• [WHAT YOU ARE ASKED TO DO]
For the listing below, give the count of lines containing "update", and no other text.

———

(* Let $C\in\mathbb{R}^{n\times n}$ be symmetric, let $\alpha>0,\beta>0$ satisfy $\kappa:=\frac{(\alpha^2-4\alpha-2)\beta}{2\alpha^2}-\frac1\beta>0$, and let $\rho>0$ with $\rho\ge\max\{\alpha\|C\|_\infty,\beta\|C\|\}$. Let $(\tilde\sigma^k,\sigma^k,y^k)$ be generated by the ADMM-BM algorithm described in the context, with Assumption A holding. Then for all $k\ge2$ the sequence $L_\rho(\tilde\sigma^k,\sigma^k,y^k)$ is monotonically non-increasing and $$L_\rho(\tilde\sigma^k,\sigma^k,y^k)-L_\rho(\tilde\sigma^{k+1},\sigma^{k+1},y^{k+1})\ge\kappa\|C\|\,\|\tilde\sigma^{k+1}-\tilde\sigma^k\|_F^2+\frac\rho2\|\sigma^{k+1}-\sigma^k\|_F^2.$$
   Context: $\langle A,B\rangle=\mathrm{Tr}(A^\top B)$, $\|\cdot\|_F$ Frobenius norm, $\|C\|$ spectral norm, $\|C\|_\infty=\max_i\sum_j|C_{ij}|$. For $\sigma\in\mathbb{R}^{n\times r}$, $\sigma_i$ is its $i$-th row; $\mathcal{M}=\{\sigma\in\mathbb{R}^{n\times r}:\|\sigma_i\|=1\ \forall i\}$. ADMM-BM with parameter $\rho$: choose $\tilde\sigma^0\in\mathcal{M}$, $\sigma^0=\tilde\sigma^0$, $y^0=C\tilde\sigma^0$. For $k=0,1,\dots$: $\gamma^k=\sigma^k-\frac1\rho(y^k+C\sigma^k)$ with rows $\gamma_i^k$; $\tilde\sigma^{k+1}_i=\gamma_i^k/\|\gamma_i^k\|$; $\sigma^{k+1}=\tilde\sigma^{k+1}+\frac1\rho(y^k-C\tilde\sigma^{k+1})$; $y^{k+1}=y^k+\rho(\tilde\sigma^{k+1}-\sigma^{k+1})$. Assumption A: $\gamma_i^k\neq0$ for all $i,k$. $L_\rho(\tilde\sigma,\sigma,y)=\langle C,\tilde\sigma\sigma^\top\rangle+\langle y,\tilde\sigma-\sigma\rangle+\frac\rho2\|\tilde\sigma-\sigma\|_F^2+\sum_i\mathcal{I}_{\{\|u\|=1\}}(\tilde\sigma_i)$, $\mathcal{I}_S$ the indicator function of $S$. *)

theory Defs
  imports "HOL-Analysis.Analysis"
begin

text \<open>Matrices in R^(n x r) are rendered as real^'r^'n (rows indexed by 'n).\<close>

definition frob_inner :: "real^'c^'b \<Rightarrow> real^'c^'b \<Rightarrow> real" where
  "frob_inner A B = (\<Sum>i\<in>UNIV. \<Sum>j\<in>UNIV. A $ i $ j * B $ i $ j)"

definition frob_norm :: "real^'c^'b \<Rightarrow> real" where
  "frob_norm A = sqrt (\<Sum>i\<in>UNIV. \<Sum>j\<in>UNIV. (A $ i $ j)^2)"

definition spec_norm :: "real^'c^'b \<Rightarrow> real" where
  "spec_norm C = onorm (\<lambda>x. C *v x)"

definition inf_norm :: "real^'c^'b \<Rightarrow> real" where
  "inf_norm C = Max (range (\<lambda>i. \<Sum>j\<in>UNIV. \<bar>C $ i $ j\<bar>))"

definition manifoldM :: "(real^'r^'n) set" where
  "manifoldM = {\<sigma>. \<forall>i. norm (\<sigma> $ i) = 1}"

text \<open>Augmented Lagrangian; the indicator term is 0 on manifoldM and +infinity outside,
  so it is rendered as an ereal-valued function.\<close>
definition L_rho :: "real \<Rightarrow> real^'n^'n \<Rightarrow> real^'r^'n \<Rightarrow> real^'r^'n \<Rightarrow> real^'r^'n \<Rightarrow> ereal" where
  "L_rho \<rho> C st s y =
     (if st \<in> manifoldM then
        ereal (frob_inner C (st ** transpose s) + frob_inner y (st - s)
               + \<rho> / 2 * (frob_norm (st - s))^2)
      else \<infinity>)"

end

theory Submission
  imports Defs
begin

(* Along the iteration y^k = C st^k, hence s^(k+1) = st^(k+1) + (C st^k - C st^(k+1)) / rho.
   For k >= 1 every row of gamma^k therefore differs from the unit row st^k_i by at most
   (4 N + 2 N^2 / rho) / rho with N = ||C||_inf, and rho >= alpha N gives
   ||gamma^k_i|| >= m = 1 - 4/alpha - 2/alpha^2.

   The decrease of L_rho over one iteration splits along the three block updates.  The st-update
   projects each row of gamma^k onto the unit sphere and gains
   sum_i rho ||gamma^k_i|| / 2 * ||st^(k+1)_i - st^k_i||^2 >= rho m / 2 * ||st^(k+1) - st^k||^2;
   the s-update minimises a quadratic of curvature rho (here C = C^T is needed) and gains
   rho / 2 * ||s^(k+1) - s^k||^2; the y-update loses ||y^(k+1) - y^k||^2 / rho
   = ||C (st^(k+1) - st^k)||^2 / rho <= ||C||^2 / rho * ||st^(k+1) - st^k||^2.
   Since rho >= beta ||C||, the net coefficient rho m / 2 - ||C||^2 / rho is at least kappa ||C||. *)

lemma frob_inner_eq_inner: "frob_inner A B = inner A B"
  by (simp add: frob_inner_def inner_vec_def)

lemma power2_norm_vec_eq_sum: "(norm x)\<^sup>2 = (\<Sum>i\<in>UNIV. (norm (x $ i))\<^sup>2)"
  for x :: "'a::real_normed_vector^'n"
  by (simp add: norm_vec_def L2_set_def sum_nonneg)

lemma frob_norm_eq_norm: "frob_norm A = norm A"
  by (simp add: frob_norm_def norm_vec_def L2_set_def sum_nonneg)

lemma frob_inner_mult_transpose: "frob_inner C (A ** transpose B) = inner (C ** B) A"
proof -
  have "frob_inner C (A ** transpose B) = (\<Sum>i\<in>UNIV. \<Sum>j\<in>UNIV. \<Sum>k\<in>UNIV. C$i$j * B$j$k * A$i$k)"
    by (simp add: frob_inner_def matrix_matrix_mult_def transpose_def sum_distrib_left mult_ac)
  also have "\<dots> = (\<Sum>i\<in>UNIV. \<Sum>k\<in>UNIV. \<Sum>j\<in>UNIV. C$i$j * B$j$k * A$i$k)"
    by (rule sum.cong[OF refl], rule sum.swap)
  also have "\<dots> = inner (C ** B) A"
    by (simp add: inner_vec_def matrix_matrix_mult_def sum_distrib_right)
  finally show ?thesis .
qed

lemma inner_matrix_eq_sum_columns:
  fixes X Y :: "real^'c^'r"
  shows "inner X Y = (\<Sum>k\<in>UNIV. inner (column k X) (column k Y))"
  by (simp add: inner_vec_def column_def) (rule sum.swap)

lemma column_matrix_matrix_mult: "column k (A ** X) = A *v column k X"
  by (simp add: vec_eq_iff column_def matrix_matrix_mult_def matrix_vector_mult_def)

lemma matrix_diff_ldistrib: "A ** (B - C) = A ** B - A ** (C::'a::ring_1^'p^'n)"
  by (vector matrix_matrix_mult_def sum_subtractf right_diff_distrib)

lemma inner_matrix_vector_mult_left:
  fixes A :: "real^'n^'m"
  shows "inner (A *v x) y = inner x (transpose A *v y)"
  by (metis dot_lmul_matrix inner_commute transpose_matrix_vector)

lemma inner_matrix_mult_left:
  fixes A :: "real^'n^'m" and X :: "real^'c^'n"
  shows "inner (A ** X) Y = inner X (transpose A ** Y)"
  by (simp add: inner_matrix_eq_sum_columns column_matrix_matrix_mult inner_matrix_vector_mult_left)

lemma power2_norm_matrix_eq_sum_columns:
  fixes X :: "real^'c^'r"
  shows "(norm X)\<^sup>2 = (\<Sum>k\<in>UNIV. (norm (column k X))\<^sup>2)"
  by (simp add: power2_norm_eq_inner inner_matrix_eq_sum_columns)

lemma spec_norm_nonneg: "0 \<le> spec_norm C"
  unfolding spec_norm_def by (rule onorm_pos_le) simp

lemma norm_matrix_vector_mult_le_spec_norm: "norm (C *v x) \<le> spec_norm C * norm x"
  unfolding spec_norm_def by (rule onorm) simp

lemma norm_matrix_mult_le_spec_norm:
  fixes C :: "real^'n^'m" and X :: "real^'c^'n"
  shows "norm (C ** X) \<le> spec_norm C * norm X"
proof -
  have "(norm (C ** X))\<^sup>2 = (\<Sum>k\<in>UNIV. (norm (C *v column k X))\<^sup>2)"
    by (simp add: power2_norm_matrix_eq_sum_columns column_matrix_matrix_mult)
  also have "\<dots> \<le> (\<Sum>k\<in>UNIV. (spec_norm C * norm (column k X))\<^sup>2)"
    by (intro sum_mono power_mono norm_matrix_vector_mult_le_spec_norm) simp
  also have "\<dots> = (spec_norm C * norm X)\<^sup>2"
    by (simp add: power_mult_distrib power2_norm_matrix_eq_sum_columns sum_distrib_left)
  finally show ?thesis
    by (rule power2_le_imp_le) (simp add: spec_norm_nonneg)
qed

lemma row_sum_le_inf_norm: "(\<Sum>j\<in>UNIV. \<bar>C $ i $ j\<bar>) \<le> inf_norm C"
  unfolding inf_norm_def by (rule Max_ge) auto

lemma inf_norm_nonneg: "0 \<le> inf_norm C"
  by (rule order_trans[OF sum_nonneg row_sum_le_inf_norm]) simp

lemma norm_row_matrix_mult_le:
  fixes C :: "real^'n^'m" and X :: "real^'r^'n"
  assumes "\<And>j. norm (X $ j) \<le> B"
  shows "norm ((C ** X) $ i) \<le> inf_norm C * B"
proof -
  have "(C ** X) $ i = (\<Sum>j\<in>UNIV. C $ i $ j *\<^sub>R X $ j)"
    by (simp add: vec_eq_iff matrix_matrix_mult_def sum_component)
  then have "norm ((C ** X) $ i) \<le> (\<Sum>j\<in>UNIV. norm (C $ i $ j *\<^sub>R X $ j))"
    by (metis norm_sum)
  also have "\<dots> = (\<Sum>j\<in>UNIV. \<bar>C $ i $ j\<bar> * norm (X $ j))"
    by simp
  also have "\<dots> \<le> (\<Sum>j\<in>UNIV. \<bar>C $ i $ j\<bar>) * B"
    by (simp add: sum_distrib_right sum_mono mult_left_mono assms)
  also have "\<dots> \<le> inf_norm C * B"
    using row_sum_le_inf_norm order_trans[OF norm_ge_zero assms] by (rule mult_right_mono)
  finally show ?thesis .
qed

lemma norm_manifoldM: "t \<in> manifoldM \<Longrightarrow> norm t = sqrt (real CARD('n))"
  for t :: "real^'r^'n"
  by (simp add: manifoldM_def norm_vec_def L2_set_def)

lemma inner_sgn_minus_inner_unit:
  fixes g u :: "'a::real_inner"
  assumes "norm u = 1"
  shows "inner g (sgn g) - inner g u = norm g / 2 * (norm (sgn g - u))\<^sup>2"
proof (cases "g = 0")
  case False
  have dist: "(norm (sgn g - u))\<^sup>2 = 2 - 2 * inner (sgn g) u"
    using False assms by (simp add: power2_norm_eq_inner inner_diff inner_commute)
      (simp add: dot_square_norm norm_sgn)
  have "g = norm g *\<^sub>R sgn g"
    using False by (simp add: sgn_div_norm)
  then have scale: "inner g v = norm g * inner (sgn g) v" for v
    by (metis inner_scaleR_left)
  have "inner (sgn g) (sgn g) = 1"
    using False by (simp add: dot_square_norm norm_sgn)
  then show ?thesis
    unfolding dist scale by (simp add: algebra_simps)
qed simp

definition aug_lagrangian ::
    "real \<Rightarrow> real^'n^'n \<Rightarrow> real^'r^'n \<Rightarrow> real^'r^'n \<Rightarrow> real^'r^'n \<Rightarrow> real" where
  "aug_lagrangian \<rho> C t s y = inner (C ** s) t + inner y (t - s) + \<rho> / 2 * (norm (t - s))\<^sup>2"

lemma L_rho_eq_aug_lagrangian:
  "t \<in> manifoldM \<Longrightarrow> L_rho \<rho> C t s y = ereal (aug_lagrangian \<rho> C t s y)"
  unfolding L_rho_def aug_lagrangian_def frob_inner_mult_transpose
  by (simp add: frob_inner_eq_inner frob_norm_eq_norm)

lemma aug_lagrangian_diff_first_arg:
  assumes "norm t = norm t'"
  shows "aug_lagrangian \<rho> C t s y - aug_lagrangian \<rho> C t' s y
    = inner (C ** s + y - \<rho> *\<^sub>R s) (t - t')"
proof -
  have "inner t t = inner t' t'"
    using assms by (simp add: dot_square_norm)
  then show ?thesis
    by (simp add: aug_lagrangian_def power2_norm_eq_inner inner_diff inner_add inner_commute algebra_simps)
qed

———

• [SOLUTION]
3